In the past, competing carmakers may have not wanted to share IoT data from their vehicles and systems with one another, but blockchain allows them to encrypt and sell that data directly to another carmaker, while withholding data they don’t want to share with competitors. The end result is drivers on a given highway can get advance warning of changes in road conditions, weather, traffic congestion and more, derived from data that was collected from the IoT sensors on another car several miles ahead of them on the same road, Reichenbach said.
Though this platform remains in its early stages, one could envision similar leveraging of IoT and blockchain technologies in platforms for trucking fleets as well. Reichenbach said such platforms demonstrate how blockchain can be an “add-on” to existing IoT architectures.

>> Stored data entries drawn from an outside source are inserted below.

lemma sum_restr_card: "(\<Sum>H\<in>A. restr_card A H) = (\<Sum>X\<in>lines A. weight A X)"
proof -
  have "(\<Sum>H\<in>A. restr_card A H) = (\<Sum>H\<in>A. \<Sum>X\<in>lines A. if X \<subseteq> H then 1 else 0)"
    unfolding restr_card_def using finite_lines by (simp add: sum.If_cases Int_def)
  also have "\<dots> = (\<Sum>X\<in>lines A. \<Sum>H\<in>A. if X \<subseteq> H then 1 else 0)"
    by (rule sum.swap)
  also have "\<dots> = (\<Sum>X\<in>lines A. weight A X)"
    unfolding weight_def using finite_arrangement by (simp add: sum.If_cases Int_def)
  finally show ?thesis .
qed

lemma coeff_char_poly_lattice:
  "coeff (char_poly A) k = of_int (\<Sum>X\<in>{X\<in>int_lattice A. dim X = k}. inter_mobius A X)"
  by (rule coeff_char_poly[OF finite_arrangement UNIV_not_member])

lemma coeff_char_poly_4: "coeff (char_poly A) 4 = 1"
proof -
  have "{X\<in>int_lattice A. dim X = 4} = {UNIV}"
    using dim_lattice_eq_4_iff UNIV_in_lattice by auto
  then show ?thesis
    by (simp add: coeff_char_poly_lattice inter_mobius_UNIV)
qed

lemma coeff_char_poly_3: "coeff (char_poly A) 3 = - real (card A)"
proof -
  have "{X\<in>int_lattice A. dim X = 3} = A"
    using dim_lattice_eq_3_iff member_in_lattice by auto
  then show ?thesis
    by (simp add: coeff_char_poly_lattice inter_mobius_member)
qed

lemma int_line_excess: "int (line_excess A) = (\<Sum>X\<in>lines A. int (weight A X) - 1)"
proof -
  have "int (weight A X - 1) = int (weight A X) - 1" if "X \<in> lines A" for X
    using weight_line_bounds(1)[OF that] by simp
  then show ?thesis
    unfolding line_excess_eq of_nat_sum by simp
qed

lemma coeff_char_poly_2: "coeff (char_poly A) 2 = real (line_excess A)"
proof -
  have "coeff (char_poly A) 2 = of_int (\<Sum>X\<in>lines A. int (weight A X) - 1)"
    unfolding coeff_char_poly_lattice lines_def[symmetric]
    by (simp add: inter_mobius_line)
  then show ?thesis
    by (simp flip: int_line_excess)
qed

lemma degree_char_poly: "degree (char_poly A) \<le> 4"
proof (rule degree_le)
  have empty: "{X\<in>int_lattice A. dim X = k} = {}" if "4 < k" for k
    using that dim_subset_UNIV[where 'a = "real^4"] by (auto simp: not_le[symmetric])
  show "\<forall>k>4. coeff (char_poly A) k = 0"
    by (simp add: coeff_char_poly_lattice empty)
qed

Another transportation sector example of how IoT and blockchain are coming together was evident in July’s announcement that Daimler, the German maker of cars, trucks and fleet vehicles was working with Austria’s Riddle & Code to implement a blockchain-based Car Wallet for supporting secure transactions and data sharing between vehicles. Such wallets and similar “secure elements” provide different devices and machines with unique digital identifiers that allow transactions and data exchanges to happen, said Benjamin Schwarz, head of communication at Riddle & Code.

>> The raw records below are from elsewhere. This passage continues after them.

lemma cond_indep_cond_on_if_cond_indep:
  assumes P: "prob_space M" and rv: "\<forall>v\<in>A \<union> B \<union> S \<union> {c}. X v \<in> M \<rightarrow>\<^sub>M N v"
    and d: "{d} \<in> sets (N c)" and pos: "measure M {\<omega> \<in> space M. X c \<omega> = d} > 0"
    and indep: "cond_indep M X N A B (S \<union> {c})"
  shows "cond_indep (cond_on M X c d) X N A B S"
proof (rule cond_indep_cond_on_iff_AE[OF P rv d pos, THEN iffD2])
  show "\<forall>E\<in>sets (gen_sigma M X N A). \<forall>G\<in>sets (gen_sigma M X N B).
      AE x in M. X c x = d \<longrightarrow> cond_indep_at M (gen_sigma M X N (S \<union> {c})) E G x"
    using indep unfolding cond_indep_iff_cond_indep_at by (auto elim!: eventually_mono)
qed

lemma cond_indep_if_cond_indep_cond_on:
  assumes P: "prob_space M" and rv: "\<forall>v\<in>A \<union> B \<union> S \<union> {c}. X v \<in> M \<rightarrow>\<^sub>M N v"
    and Nc: "N c = count_space Ds" and Ds: "countable Ds"
    and pos: "\<And>d. d \<in> Ds \<Longrightarrow> measure M {\<omega> \<in> space M. X c \<omega> = d} > 0"
    and indep: "\<And>d. d \<in> Ds \<Longrightarrow> cond_indep (cond_on M X c d) X N A B S"
  shows "cond_indep M X N A B (S \<union> {c})"
  unfolding cond_indep_iff_cond_indep_at
proof (intro ballI)
  fix E G assume E: "E \<in> sets (gen_sigma M X N A)" and G: "G \<in> sets (gen_sigma M X N B)"
  let ?Q = "cond_indep_at M (gen_sigma M X N (S \<union> {c})) E G"
  have "\<forall>d\<in>Ds. AE x in M. X c x = d \<longrightarrow> ?Q x"
    using indep cond_indep_cond_on_iff_AE[OF P rv _ pos] E G Nc
    by auto
  then have "AE x in M. \<forall>d\<in>Ds. X c x = d \<longrightarrow> ?Q x"
    unfolding AE_ball_countable[OF Ds] .
  moreover have "AE x in M. X c x \<in> Ds"
    using measurable_space[OF bspec[OF rv, of c]] Nc by (intro AE_I2) simp
  ultimately show "AE x in M. ?Q x"
    by eventually_elim blast
qed

theorem proposition1:
  fixes V Ctx Sys :: "'v set"
    and D Bi :: "('v \<times> 'v) set"
    and M :: "'a measure"
    and X :: "'v \<Rightarrow> 'a \<Rightarrow> 'b"
    and N :: "'v \<Rightarrow> 'b measure"
    and C1 Y :: 'v
    and d0 d1 :: 'b
  assumes finV: "finite V"
    and part: "Ctx \<union> Sys = V" "Ctx \<inter> Sys = {}"
    and C1_ctx: "C1 \<in> Ctx" and Y_sys: "Y \<in> Sys"
    and P: "prob_space M"
    and rv: "\<And>v. v \<in> V \<Longrightarrow> X v \<in> measurable M (N v)"
    and G: "admg V D Bi"
    and d01: "d0 \<noteq> d1"
    and NC1: "N C1 = count_space {d0, d1}"
    and pos0: "measure M {\<omega> \<in> space M. X C1 \<omega> = d0} > 0"
    and pos1: "measure M {\<omega> \<in> space M. X C1 \<omega> = d1} > 0"
    and markov: "\<And>A B S. A \<subseteq> V \<Longrightarrow> B \<subseteq> V \<Longrightarrow> S \<subseteq> V \<Longrightarrow>
                   d_separated D Bi A B S \<Longrightarrow> cond_indep M X N A B S"
    and faithful: "\<And>A B S. A \<subseteq> V \<Longrightarrow> B \<subseteq> V \<Longrightarrow> S \<subseteq> V \<Longrightarrow>
                   cond_indep M X N A B S \<Longrightarrow> d_separated D Bi A B S"
    and transfer: "\<And>A B S. A \<subseteq> V \<Longrightarrow> B \<subseteq> V \<Longrightarrow> S \<subseteq> V \<Longrightarrow>
                   Y \<in> A \<union> B \<union> S \<Longrightarrow> C1 \<notin> A \<union> B \<union> S \<Longrightarrow>
                   cond_indep (cond_on M X C1 d0) X N A B S \<Longrightarrow>
                   cond_indep (cond_on M X C1 d1) X N A B S"
    and no_edge: "(C1, Y) \<notin> D"
    and sets: "A \<subseteq> V" "B \<subseteq> V" "S \<subseteq> V" "Y \<in> A \<union> B \<union> S" "C1 \<notin> A \<union> B \<union> S"
  shows "(cond_indep (cond_on M X C1 d0) X N A B S \<longleftrightarrow> cond_indep M X N A B (S \<union> {C1}))
       \<and> (cond_indep M X N A B (S \<union> {C1}) \<longleftrightarrow> d_separated D Bi A B (S \<union> {C1}))"
proof -
  have C1V: "C1 \<in> V" using part C1_ctx by blast
  have rvs: "\<forall>v\<in>A \<union> B \<union> S \<union> {C1}. X v \<in> M \<rightarrow>\<^sub>M N v"
    using rv sets(1-3) C1V by blast
  have "cond_indep (cond_on M X C1 d0) X N A B S \<longleftrightarrow> cond_indep M X N A B (S \<union> {C1})"
  proof
    assume indep0: "cond_indep (cond_on M X C1 d0) X N A B S"
    moreover have "cond_indep (cond_on M X C1 d1) X N A B S"
      using transfer[OF sets indep0] .
    ultimately show "cond_indep M X N A B (S \<union> {C1})"
      using pos0 pos1 by (intro cond_indep_if_cond_indep_cond_on[OF P rvs NC1]) auto
  next
    assume "cond_indep M X N A B (S \<union> {C1})"
    then show "cond_indep (cond_on M X C1 d0) X N A B S"
      using NC1 by (intro cond_indep_cond_on_if_cond_indep[OF P rvs _ pos0]) auto
  qed
  moreover have "cond_indep M X N A B (S \<union> {C1}) \<longleftrightarrow> d_separated D Bi A B (S \<union> {C1})"
    using markov[of A B "S \<union> {C1}"] faithful[of A B "S \<union> {C1}"] sets(1-3) C1V by blast
  ultimately show ?thesis ..
qed

end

“To securely identify an object on the blockchain, many solutions exist, starting with secure crypto tags in the form factor of a sticker, and working as a seal,” he said via email. “However, only a dedicated secure element, which is a crypto chip module designed to be used for blockchain technology, offers sufficient security for valuable objects, such as a vehicle. Our secure element is at the heart of the Car Wallet we developed for Daimler. It provides a tamper-proof digital identity and full wallet functionality. It is both about security and enabling new business models and incentivization schemes.”
However, Riddle & Code is not an IoT platform company, so it would not typically provide sensors and other data-generating IoT hardware, just the crypto chip or module and software that allows transactions to occur over blockchain.

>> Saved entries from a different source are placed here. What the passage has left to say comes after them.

lemma tridiag_mult_index:
  fixes d u l :: "nat \<Rightarrow> 'a :: semiring_1"
  assumes X: "X \<in> carrier_mat n q" and i: "i < n" and j: "j < q"
  shows "(tridiag n d u l * X) $$ (i, j) = (if 0 < i then l (i - 1) * X $$ (i - 1, j) else 0)
    + d i * X $$ (i, j) + (if i + 1 < n then u i * X $$ (i + 1, j) else 0)"
proof -
  let ?T = "tridiag n d u l"
  have "(?T * X) $$ (i, j) = (\<Sum>k<n. ?T $$ (i, k) * X $$ (k, j))"
    using X i j by (intro index_mult_mat_sum) auto
  also have "\<dots> = (if 0 < i \<and> i \<le> n then ?T $$ (i, i - 1) * X $$ (i - 1, j) else 0)
    + (if i < n then ?T $$ (i, i) * X $$ (i, j) else 0)
    + (if i + 1 < n then ?T $$ (i, i + 1) * X $$ (i + 1, j) else 0)"
    using i by (intro sum_lessThan_supported_near) (auto simp: tridiag_def)
  finally show ?thesis
    using i by (auto simp: tridiag_def)
qed

lemma mult_tridiag_index:
  fixes d u l :: "nat \<Rightarrow> 'a :: semiring_1"
  assumes X: "X \<in> carrier_mat p n" and i: "i < p" and j: "j < n"
  shows "(X * tridiag n d u l) $$ (i, j) = (if 0 < j then X $$ (i, j - 1) * u (j - 1) else 0)
    + X $$ (i, j) * d j + (if j + 1 < n then X $$ (i, j + 1) * l j else 0)"
proof -
  let ?T = "tridiag n d u l"
  have "(X * ?T) $$ (i, j) = (\<Sum>k<n. X $$ (i, k) * ?T $$ (k, j))"
    using X i j by (intro index_mult_mat_sum) auto
  also have "\<dots> = (if 0 < j \<and> j \<le> n then X $$ (i, j - 1) * ?T $$ (j - 1, j) else 0)
    + (if j < n then X $$ (i, j) * ?T $$ (j, j) else 0)
    + (if j + 1 < n then X $$ (i, j + 1) * ?T $$ (j + 1, j) else 0)"
    using j by (intro sum_lessThan_supported_near) (auto simp: tridiag_def)
  finally show ?thesis
    using j by (auto simp: tridiag_def)
qed

lemma tridiag_pow_first_row:
  fixes d u l :: "nat \<Rightarrow> 'a :: comm_semiring_1"
  assumes "i \<le> h" "h < n"
  shows "(tridiag n d u l ^\<^sub>m i) $$ (0, h) = (if h = i then \<Prod>t<i. u t else 0)"
  using assms
proof (induction i arbitrary: h)
  case 0
  then show ?case by simp
next
  case (Suc i)
  have "(tridiag n d u l ^\<^sub>m Suc i) $$ (0, h) = (tridiag n d u l ^\<^sub>m i * tridiag n d u l) $$ (0, h)"
    by simp
  also have "\<dots> = (if h = Suc i then (\<Prod>t<i. u t) * u i else 0)"
    using Suc by (subst mult_tridiag_index[of _ n]) auto
  finally show ?case
    by simp
qed

lemma tridiag_pow_first_col:
  fixes d u l :: "nat \<Rightarrow> 'a :: comm_semiring_1"
  assumes "j \<le> h" "h < n"
  shows "(tridiag n d u l ^\<^sub>m j) $$ (h, 0) = (if h = j then \<Prod>t<j. l t else 0)"
proof -
  have "(tridiag n d u l ^\<^sub>m j) $$ (h, 0) = transpose_mat (tridiag n d u l ^\<^sub>m j) $$ (0, h)"
    using assms by simp
  also have "\<dots> = (tridiag n d l u ^\<^sub>m j) $$ (0, h)"
    by (simp add: transpose_pow_mat[of _ n] transpose_tridiag)
  finally show ?thesis
    using tridiag_pow_first_row[OF assms, of d l u] by simp
qed

lemma hankel_pow_factor:
  fixes C :: "'a :: semiring_1 mat"
  assumes C: "C \<in> carrier_mat m m"
  shows "mat m m (\<lambda>(i, j). (C ^\<^sub>m (n + i + j)) $$ (0, 0)) =
    mat m m (\<lambda>(i, h). (C ^\<^sub>m i) $$ (0, h)) * C ^\<^sub>m n * mat m m (\<lambda>(h, j). (C ^\<^sub>m j) $$ (h, 0))"
    (is "_ = ?R * C ^\<^sub>m n * ?Q")
proof (rule eq_matI)
  fix i j assume "i < dim_row (?R * C ^\<^sub>m n * ?Q)" "j < dim_col (?R * C ^\<^sub>m n * ?Q)"
  then have i: "i < m" and j: "j < m"
    by auto
  have P: "C ^\<^sub>m k \<in> carrier_mat m m" for k
    using C by simp
  have CQ: "C ^\<^sub>m n * ?Q \<in> carrier_mat m m"
    using C by (intro mult_carrier_mat) auto
  have "(?R * C ^\<^sub>m n * ?Q) $$ (i, j) = (?R * (C ^\<^sub>m n * ?Q)) $$ (i, j)"
    using C by (simp add: assoc_mult_mat[of _ m m _ m _ m])
  also have "\<dots> = (\<Sum>h<m. ?R $$ (i, h) * (C ^\<^sub>m n * ?Q) $$ (h, j))"
    using i j CQ by (intro index_mult_mat_sum) auto
  also have "\<dots> = (C ^\<^sub>m i * (C ^\<^sub>m n * ?Q)) $$ (0, j)"
    using i j CQ P by (simp add: index_mult_mat_sum[of _ m m _ m])
  also have "\<dots> = (C ^\<^sub>m (i + n) * ?Q) $$ (0, j)"
    using C by (simp add: pow_mat_add[of _ m] assoc_mult_mat[of _ m m _ m _ m])
  also have "\<dots> = (\<Sum>h<m. (C ^\<^sub>m (i + n)) $$ (0, h) * (C ^\<^sub>m j) $$ (h, 0))"
    using i j P by (simp add: index_mult_mat_sum[of _ m m _ m])
  also have "\<dots> = (C ^\<^sub>m (i + n) * C ^\<^sub>m j) $$ (0, 0)"
    using i j P by (simp add: index_mult_mat_sum[of _ m m _ m])
  also have "\<dots> = (C ^\<^sub>m (n + i + j)) $$ (0, 0)"
    by (simp only: pow_mat_add[OF C, symmetric] add.commute[of n i])
  finally show "mat m m (\<lambda>(i, j). (C ^\<^sub>m (n + i + j)) $$ (0, 0)) $$ (i, j) = (?R * C ^\<^sub>m n * ?Q) $$ (i, j)"
    using i j by simp
qed auto

lemma det_hankel_tridiag_pow:
  fixes d u l :: "nat \<Rightarrow> 'a :: comm_ring_1"
  shows "det (mat m m (\<lambda>(i, j). (tridiag m d u l ^\<^sub>m (n + i + j)) $$ (0, 0))) =
    (\<Prod>i<m. (\<Prod>t<i. u t) * (\<Prod>t<i. l t)) * det (tridiag m d u l) ^ n"
proof -
  let ?C = "tridiag m d u l"
  define R where "R = mat m m (\<lambda>(i, h). (?C ^\<^sub>m i) $$ (0, h))"
  define Q where "Q = mat m m (\<lambda>(h, j). (?C ^\<^sub>m j) $$ (h, 0))"
  have R: "R \<in> carrier_mat m m" and Q: "Q \<in> carrier_mat m m"
    by (simp_all add: R_def Q_def)
  have "det R = (\<Prod>i<m. \<Prod>t<i. u t)"
  proof -
    have "det R = prod_list (diag_mat R)"
      by (rule det_lower_triangular[OF _ R]) (simp add: R_def tridiag_pow_first_row)
    then show ?thesis
      by (simp add: prod_list_diag_prod R_def tridiag_pow_first_row atLeast0LessThan)
  qed
  moreover have "det Q = (\<Prod>j<m. \<Prod>t<j. l t)"
  proof -
    have "upper_triangular Q"
      by (simp add: upper_triangular_def Q_def tridiag_pow_first_col)
    then have "det Q = prod_list (diag_mat Q)"
      using Q by (rule det_upper_triangular)
    then show ?thesis
      by (simp add: prod_list_diag_prod Q_def tridiag_pow_first_col atLeast0LessThan)
  qed
  moreover have "det (R * ?C ^\<^sub>m n * Q) = det R * det ?C ^ n * det Q"
    using R Q by (simp add: det_mult[of _ m] det_pow_mat[of _ m])
  ultimately show ?thesis
    unfolding hankel_pow_factor[OF tridiag_carrier] R_def[symmetric] Q_def[symmetric]
    by (simp add: prod.distrib ac_simps)
qed

lemma det_tridiag_Suc_Suc:
  fixes d u l :: "nat \<Rightarrow> 'a :: comm_ring_1"
  shows "det (tridiag (Suc (Suc n)) d u l) =
    d (Suc n) * det (tridiag (Suc n) d u l) - u n * l n * det (tridiag n d u l)"
proof -
  let ?A = "tridiag (Suc (Suc n)) d u l"
  define D where "D = mat_delete ?A (Suc n) n"
  have D: "D \<in> carrier_mat (Suc n) (Suc n)"
    unfolding D_def using mat_delete_carrier[OF tridiag_carrier, of "Suc (Suc n)" d u l] by simp
  have delete_last: "mat_delete (tridiag (Suc k) d u l) k k = tridiag k d u l" for k
    by (rule eq_matI) (auto simp: mat_delete_def tridiag_def)
  have "det D = (\<Sum>i<Suc n. D $$ (i, n) * cofactor D i n)"
    using D by (rule laplace_expansion_column) simp
  also have "\<dots> = u n * cofactor D n n"
    by (subst sum_lessThan_supported_near[where i = n]) (auto simp: D_def mat_delete_def tridiag_def)
  also have "mat_delete D n n = tridiag n d u l"
    by (rule eq_matI) (auto simp: D_def mat_delete_def tridiag_def)
  then have "cofactor D n n = det (tridiag n d u l)"
    by (simp add: cofactor_def)
  finally have det_D: "det D = u n * det (tridiag n d u l)" .
  have "det ?A = (\<Sum>j<Suc (Suc n). ?A $$ (Suc n, j) * cofactor ?A (Suc n) j)"
    by (rule laplace_expansion_row[OF tridiag_carrier]) simp
  also have "\<dots> = l n * cofactor ?A (Suc n) n + d (Suc n) * cofactor ?A (Suc n) (Suc n)"
    by (subst sum_lessThan_supported_near[where i = "Suc n"]) (auto simp: tridiag_def)
  also have "\<dots> = d (Suc n) * det (tridiag (Suc n) d u l) - u n * l n * det (tridiag n d u l)"
    using det_D by (simp add: cofactor_def D_def delete_last)
  finally show ?thesis .
qed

The opportunity for companies like Riddle & Code to partner with IoT platform providers seems riper than ever. Zion Market Research recently forecasted that the blockchain IoT market, including hardware, software and services, is set to grow at a compound annual growth rate of more than 91% through 2025.
There is still a ways to go before blockchain and IoT reach the full potential of what they can accomplish together. Forrester Research last month wrote that despite seeming like an obvious technology pairing, blockchain and IoT integration continues to be held back by “cultural and organizational issues,” an observation that echoes Reichenbach’s.
For now, even as the gap in blockchain understanding is starting to close, and more integration of IoT and blockchain technologies falls into place, it seems unlikely the technologies will be deployed simultaneously as a bundled solution for enterprises, according to HPE’s Reichenbach. More likely, IoT platform companies may need to develop blockchain expertise or work with other technology partners as their customers start to see more need to share data generated by the IoT architectures they already have in place.
“IoT and blockchain as a single very tightly combined solution is not something I have seen so far,” Reichenbach said. “What I see most now is hugely scaled IoT platforms in terms of sensors and data analytics, and then blockchain coming in as an add-on because you want to start sharing some of that data.”